Single by The Miracles

from the album I Like It Like That
- B-side: "You're So Fine and Sweet"
- Released: June 3, 1964
- Recorded: Hitsville U.S.A. (Studio A); April 30, and May 12, 1964
- Genre: Soul
- Length: 2:29
- Label: Tamla T 54098
- Songwriter(s): Smokey Robinson, Marv Tarplin
- Producer(s): Smokey Robinson

The Miracles singles chronology
| "(You Can't Let the Boy Overpower) The Man in You" (1964) | "I Like It Like That" (1964) | "That's What Love Is Made Of" (1964) |

= I Like It Like That (The Miracles song) =

1964 single by the Miracles

"I Like It Like That" was a 1964 hit song by Motown group The Miracles on its Tamla label subsidiary. This is not the Chris Kenner hit song of the same name but a Miracles original, written by Miracles members Smokey Robinson and Marv Tarplin, and is included on the group's first greatest hits album, Greatest Hits from the Beginning. It was also the title song from their deleted 1964 album of the same name.

==Background==
Like many of the Miracles' hit songs, "I Like It Like That" begins with Tarplin's guitar. It has a "live party" feel, similar to their earlier 1963 hit, "Mickey's Monkey". Smokey encourages everybody to "clap your hands now, everybody, we're gonna have some fun tonight...we're gonna sing and shout...knock ourselves out...and everything's gonna be alright". The other Miracles, Bobby, Ronnie, Pete and Claudette, join in with their trademark harmony vocals, with chants of "alright", and "I like it like that" as The Funk Brothers add additional instruments to the mix.

Cash Box described it as "an infectious rhythmic shuffle-thumper...that sports a 'live' audience cheer and handclap support."

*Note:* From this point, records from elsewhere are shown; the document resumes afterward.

lemma visits_pos_iff:
  assumes \<pi>1: "valid_signal_dist \<pi>1" and \<pi>2: "valid_signal_dist \<pi>2" and i: "i < m"
  shows "0 < visits m \<pi>1 f i x \<longleftrightarrow> 0 < visits m \<pi>2 f i x"
proof -
  interpret A: parsimonious_chain_signal m f h l \<pi>1 by (rule signal_chain[OF \<pi>1])
  interpret B: parsimonious_chain_signal m f h l \<pi>2 by (rule signal_chain[OF \<pi>2])
  have "0 < visits m \<pi> f i x \<longleftrightarrow> (\<exists>t. 0 < cont m \<pi> f (point_mass i) (\<lambda>_. 0) t x)"
    if "valid_signal_dist \<pi>" for \<pi>
  proof -
    interpret C: parsimonious_chain_signal m f h l \<pi> by (rule signal_chain[OF that])
    show ?thesis unfolding visits_def using C.summable_mass_at_point[OF i]
      C.mass_at_nonneg[of "point_mass i"] point_mass_nonneg by (intro suminf_pos_iff) auto
  qed
  then show ?thesis using mass_at_pos_iff[OF \<pi>1 \<pi>2, of "point_mass i"] point_mass_nonneg \<pi>1 \<pi>2 by simp
qed

lemma occupation_pair_visits:
  assumes H: "valid_signal_dist \<pi>H" and L: "valid_signal_dist \<pi>L" and "\<pi>H \<noteq> \<pi>L"
    and i0: "i0 \<in> transients"
  shows "occupation_pair {..<m} transients i0 (visits m \<pi>H f i0) (visits m \<pi>L f i0)
           (chain_P \<pi>H f) (chain_P \<pi>L f) (lunder \<pi>H \<pi>L) (lbar \<pi>H \<pi>L)"
proof -
  interpret H: parsimonious_chain_signal m f h l \<pi>H by (rule signal_chain[OF H])
  interpret L: parsimonious_chain_signal m f h l \<pi>L by (rule signal_chain[OF L])
  note bounds = likelihood_ratio_bounds[OF H L \<open>\<pi>H \<noteq> \<pi>L\<close>]
  have i0_less: "i0 < m" using i0 transients_subset by auto
  have P_bounds: "lunder \<pi>H \<pi>L * chain_P \<pi>L f y x \<le> chain_P \<pi>H f y x"
    "chain_P \<pi>H f y x \<le> lbar \<pi>H \<pi>L * chain_P \<pi>L f y x" if "y \<in> transients" "x < m" for y x
  proof -
    have "\<And>s. 0 \<le> f y s x" using that f_nonneg transients_subset by auto
    then show "lunder \<pi>H \<pi>L * chain_P \<pi>L f y x \<le> chain_P \<pi>H f y x"
      "chain_P \<pi>H f y x \<le> lbar \<pi>H \<pi>L * chain_P \<pi>L f y x"
      using chain_P_likelihood_bounds[of "lunder \<pi>H \<pi>L" \<pi>L \<pi>H "lbar \<pi>H \<pi>L" f y x] bounds(1,2)
      by auto
  qed
  show ?thesis
  proof
    show "\<And>x. x \<in> {..<m} \<Longrightarrow> 0 \<le> visits m \<pi>H f i0 x"
      and "\<And>x. x \<in> {..<m} \<Longrightarrow> 0 \<le> visits m \<pi>L f i0 x"
      using H.visits_nonneg[OF i0_less] L.visits_nonneg[OF i0_less] by blast+
    show "\<And>x. x \<in> {..<m} \<Longrightarrow> visits m \<pi>H f i0 x
        = (if x = i0 then 1 else 0) + (\<Sum>y\<in>transients. visits m \<pi>H f i0 y * chain_P \<pi>H f y x)"
      and "\<And>x. x \<in> {..<m} \<Longrightarrow> visits m \<pi>L f i0 x
        = (if x = i0 then 1 else 0) + (\<Sum>y\<in>transients. visits m \<pi>L f i0 y * chain_P \<pi>L f y x)"
      using H.visits_balance[OF i0] L.visits_balance[OF i0] by blast+
    show "\<And>x. x \<in> {..<m} \<Longrightarrow> 0 < visits m \<pi>H f i0 x \<longleftrightarrow> 0 < visits m \<pi>L f i0 x"
      using visits_pos_iff[OF H L i0_less] by blast
    show "\<And>S. S \<subseteq> transients \<Longrightarrow> i0 \<notin> S \<Longrightarrow> \<exists>z\<in>S. 0 < visits m \<pi>H f i0 z \<Longrightarrow>
        0 < flow (visits m \<pi>H f i0) (chain_P \<pi>H f) (transients - S) S"
      using H.inflow_visits_pos[OF i0] by blast
    show "\<And>S. S \<subseteq> transients \<Longrightarrow> i0 \<notin> S \<Longrightarrow> \<exists>z\<in>S. 0 < visits m \<pi>L f i0 z \<Longrightarrow>
        0 < flow (visits m \<pi>L f i0) (chain_P \<pi>L f) (transients - S) S"
      using L.inflow_visits_pos[OF i0] by blast
  qed (use i0 transients_subset H.P_nonneg L.P_nonneg H.P_stochastic L.P_stochastic bounds P_bounds
         in auto)
qed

"I Like It Like That" was released during a period (1964) when Smokey and the Miracles were so busy touring as the headline act with the famed Motortown Revue shows, and writing big hits for other Motown acts, principally Mary Wells and The Temptations, that their own chart action suffered. Of the group's four single releases that year (the others were "Come On Do The Jerk", "(You Can't Let the Boy Overpower) The Man in You" and "That's What Love Is Made Of"), "I Like It Like That" was the only one to enter the Billboard Pop Top 30, while two songs that they wrote for the two aforementioned acts, "My Guy" and "My Girl" respectively, both reached No.1. "My Girl" was originally intended to be recorded by The Miracles. However, The following year, 1965, would prove to be The Miracles' biggest year ever.

==Personnel==
The Miracles:
- Smokey Robinson - lead vocals
- Bobby Rogers, Ronnie White, Pete Moore, Claudette Robinson - background vocals
- Marv Tarplin - guitar
- Additional instruments: The Funk Brothers

==Chart history==
"I Like It Like That" reached the Top 30 of the Billboard Pop chart, charting at No.27 and the Top 10 of Cash Box R&B chart, peaking at No.10. (Billboard Magazine's R&B chart was temporarily suspended during this time).

| Chart (1964) | Peak position |
|---|---|
| U.S. Billboard Hot 100 | 27 |
| Canada RPM Top 40-5s | 37 |

==Cover versions==
"I Like It Like That" has been covered by:
- Bobby Vee
- Mitch Ryder & the Detroit Wheels.
- The song's B side, "You're So Fine And Sweet", featured a rare lead by the Miracles' second tenor, Bobby Rogers (who had sung co-lead vocals with Smokey on the group's smash single "You've Really Got A Hold On Me" the previous year), and inspired a cover version by The Undertakers.